[Rd] [R] variance/mean

Tue Mar 24 02:17:41 CET 2009

Doesn't Fortran still require that the arguments to
a function not alias each other (in whole or in part)?
I could imagine that var() might call into Fortran code
(BLAS or LAPACK).  Wouldn you want to chance erroneous
results  at a high optimization level to save a bit of
time in an unusual situation?

(I could also imagine someone changing the R interpreter
so that x and x[-length(x)] could share the same memory
block and that could cause Fortran aliasing problems as
well.)

Bill Dunlap
TIBCO Software Inc - Spotfire Division
wdunlap tibco.com  

> -----Original Message-----
> From: r-devel-bounces at r-project.org 
> [mailto:r-devel-bounces at r-project.org] On Behalf Of Wacek Kusnierczyk
> Sent: Monday, March 23, 2009 4:40 PM
> To: r-devel at r-project.org
> Cc: r-help at r-project.org; rkevinburton at charter.net; Bert Gunter
> Subject: Re: [Rd] [R] variance/mean
> 
> 
> (this post suggests a patch to the sources, so i allow myself 
> to divert
> it to r-devel)
> 
> Bert Gunter wrote:
> > x a numeric vector, matrix or data frame. 
> > y NULL (default) or a vector, matrix or data frame with compatible
> > dimensions to x.
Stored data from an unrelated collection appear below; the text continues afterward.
lemma asubst_asubst: "asubst \<sigma> (asubst \<tau> A) = asubst (\<lambda>v. tsubst \<sigma> (\<tau> v)) A"
  by (cases A) (auto simp: tsubst_tsubst)

lemma csubst_csubst: "csubst \<sigma> (csubst \<tau> C) = csubst (\<lambda>v. tsubst \<sigma> (\<tau> v)) C"
  by (cases C) (simp add: asubst_asubst multiset.map_comp o_def)

lemma vars_tsubst: "vars_t (tsubst \<sigma> t) = (\<Union>v\<in>vars_t t. vars_t (\<sigma> v))"
  by (induction t) auto

lemma vars_asubst: "vars_a (asubst \<sigma> A) = (\<Union>v\<in>vars_a A. vars_t (\<sigma> v))"
  by (cases A) (auto simp: vars_tsubst)

lemma vars_ms_image_asubst: "vars_ms (image_mset (asubst \<sigma>) M) = (\<Union>v\<in>vars_ms M. vars_t (\<sigma> v))"
  by (auto simp: vars_ms_def vars_asubst)

lemma vars_cl_csubst: "vars_cl (csubst \<sigma> C) = (\<Union>v\<in>vars_cl C. vars_t (\<sigma> v))"
  by (cases C) (auto simp: vars_ms_image_asubst)

lemma vars_a_subset_asubst_upd: "vars_a A \<subseteq> vars_a (asubst (Var(x := s)) A) \<union> {x}"
  by (auto simp: vars_asubst)

lemma ground_tsubst_iff: "ground_t (tsubst \<delta> t) \<longleftrightarrow> (\<forall>v\<in>vars_t t. ground_t (\<delta> v))"
  by (auto simp: ground_t_def vars_tsubst)

lemma grounding_on_mono: "grounding_on \<delta> V \<Longrightarrow> W \<subseteq> V \<Longrightarrow> grounding_on \<delta> W"
  by (auto simp: grounding_on_def)

lemma grounding_on_upd:
  "grounding_on \<delta> V \<Longrightarrow> ground_t t \<Longrightarrow> W \<subseteq> V \<union> {x} \<Longrightarrow> grounding_on (\<delta>(x := t)) W"
  by (auto simp: grounding_on_def)

lemma grounding_on_tsubst:
  assumes "\<forall>v\<in>V. tsubst \<delta>' (\<sigma> v) = \<delta> v" "grounding_on \<delta> V"
  shows "grounding_on \<delta>' (\<Union>v\<in>V. vars_t (\<sigma> v))"
  using assms unfolding grounding_on_def by (metis UN_E ground_tsubst_iff)

lemma ground_asubst: "grounding_on \<delta> V \<Longrightarrow> vars_a A \<subseteq> V \<Longrightarrow> ground_a (asubst \<delta> A)"
  by (auto simp: ground_a_def vars_asubst grounding_on_def ground_t_def)

lemma vars_lhs_constr_subst: "vars_lhs (constr_subst \<sigma> \<pi>) = (\<Union>v\<in>vars_lhs \<pi>. vars_t (\<sigma> v))"
  unfolding vars_lhs_def constr_subst_def by (force simp: vars_tsubst split: prod.splits)

lemma vars_lhs_subset_vars_constr: "vars_lhs \<pi> \<subseteq> vars_constr \<pi>"
  by (auto simp: vars_lhs_def vars_constr_def)

lemma vars_lhs_append: "vars_lhs (\<pi> @ \<rho>) = vars_lhs \<pi> \<union> vars_lhs \<rho>"
  by (auto simp: vars_lhs_def)

lemma is_solution_append: "is_solution \<delta> (\<pi> @ \<rho>) \<longleftrightarrow> is_solution \<delta> \<pi> \<and> is_solution \<delta> \<rho>"
  by (auto simp: is_solution_def)

lemma is_solution_constr_subst:
  assumes "is_solution \<delta> \<pi>" "\<forall>v\<in>vars_lhs \<pi>. tsubst \<delta>' (\<sigma> v) = \<delta> v"
  shows "is_solution \<delta>' (constr_subst \<sigma> \<pi>)"
proof -
  have "tsubst \<delta>' (tsubst \<sigma> t) = tsubst \<delta> t" if "(t, s) \<in> set \<pi>" for t s
    unfolding tsubst_tsubst using assms(2) that by (intro tsubst_cong) (auto simp: vars_lhs_def)
  then show ?thesis using assms(1) by (fastforce simp: is_solution_def constr_subst_def)
qed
The default is equivalent to y = x (but 
> more efficient). 
> >
> >   
> bert points to an interesting fragment of ?var:  it suggests that
> computing var(x) is more efficient than computing var(x,x), for any x
> valid as input to var.  indeed:
> 
>     set.seed(0)
>     x = matrix(rnorm(10000), 100, 100)
> 
>     library(rbenchmark)
>     benchmark(replications=1000, columns=c('test', 'elapsed'),
>        var(x),
>        var(x, x))
>     #        test elapsed
>     # 1    var(x)   1.091
>     # 2 var(x, x)   2.051
> 
> that's of course, so to speak, unreasonable:  for what var(x) does is
> actually computing the covariance of x and x, which should be the same
> as var(x,x). 
> 
> the hack is that if y is given, there's an overhead of memory 
> allocation
> for *both* x and y when y is given, as seen in src/main/cov.c:720+.
> incidentally, it seems that the problem can be solved with a 
> trivial fix
> (see the attached patch), so that
> 
>     set.seed(0)
>     x = matrix(rnorm(10000), 100, 100)
> 
>     library(rbenchmark)
>     benchmark(replications=1000, columns=c('test', 'elapsed'),
>        var(x),
>        var(x, x))
>     #        test elapsed
>     # 1    var(x)   1.121
>     # 2 var(x, x)   1.107
> 
> with the quick checks
> 
>     all.equal(var(x), var(x, x))
>     # TRUE
>    
>     all(var(x) == var(x, x))
>     # TRUE
> 
> and for cor it seems to make cor(x,x) slightly faster than 
> cor(x), while
> originally it was twice slower:
> 
>     # original
>     benchmark(replications=1000, columns=c('test', 'elapsed'),
>        cor(x),
>        cor(x, x))
>     #        test elapsed
>     # 1    cor(x)   1.196
>     # 2 cor(x, x)   2.253
>    
>     # patched
>     benchmark(replications=1000, columns=c('test', 'elapsed'),
>        cor(x),
>        cor(x, x))
>     #        test elapsed
>     # 1    cor(x)   1.207
>     # 2 cor(x, x)   1.204
> 
> (there is a visible penalty due to an additional pointer 
> test, but it's
> 10ms on 1000 replications with 10000 data points, which i think is
> negligible.)
> 
> > This is as clear as I would know how to state. 
> 
> i believe bert is right.
> 
> however, with the above fix, this can now be rewritten as:
> 
> "
> x: a numeric vector, matrix or data frame. 
> y: a vector, matrix or data frame with dimensions compatible 
> to those of x. 
> By default, y = x. 
> "
> 
> which, to my simple mind, is even more clear than what bert would know
> how to state, and less likely to cause the sort of confusion that
> originated this thread.
> 
> the attached patch suggests modifications to src/main/cov.c and
> src/library/stats/man/cor.Rd.
> it has been prepared and checked as follows:
> 
>     svn co https://svn.r-project.org/R/trunk trunk
>     cd trunk
>     # edited the sources
>     svn diff > cov.diff
>     svn revert -R src
>     patch -p0 < cov.diff
> 
>     tools/rsync-recommended
>     ./configure
>     make
>     make check
>     bin/R
>     # subsequent testing within R
> 
> if you happen to consider this patch for a commit, please be sure to
> examine and test it carefully first.
> 
> vQ
>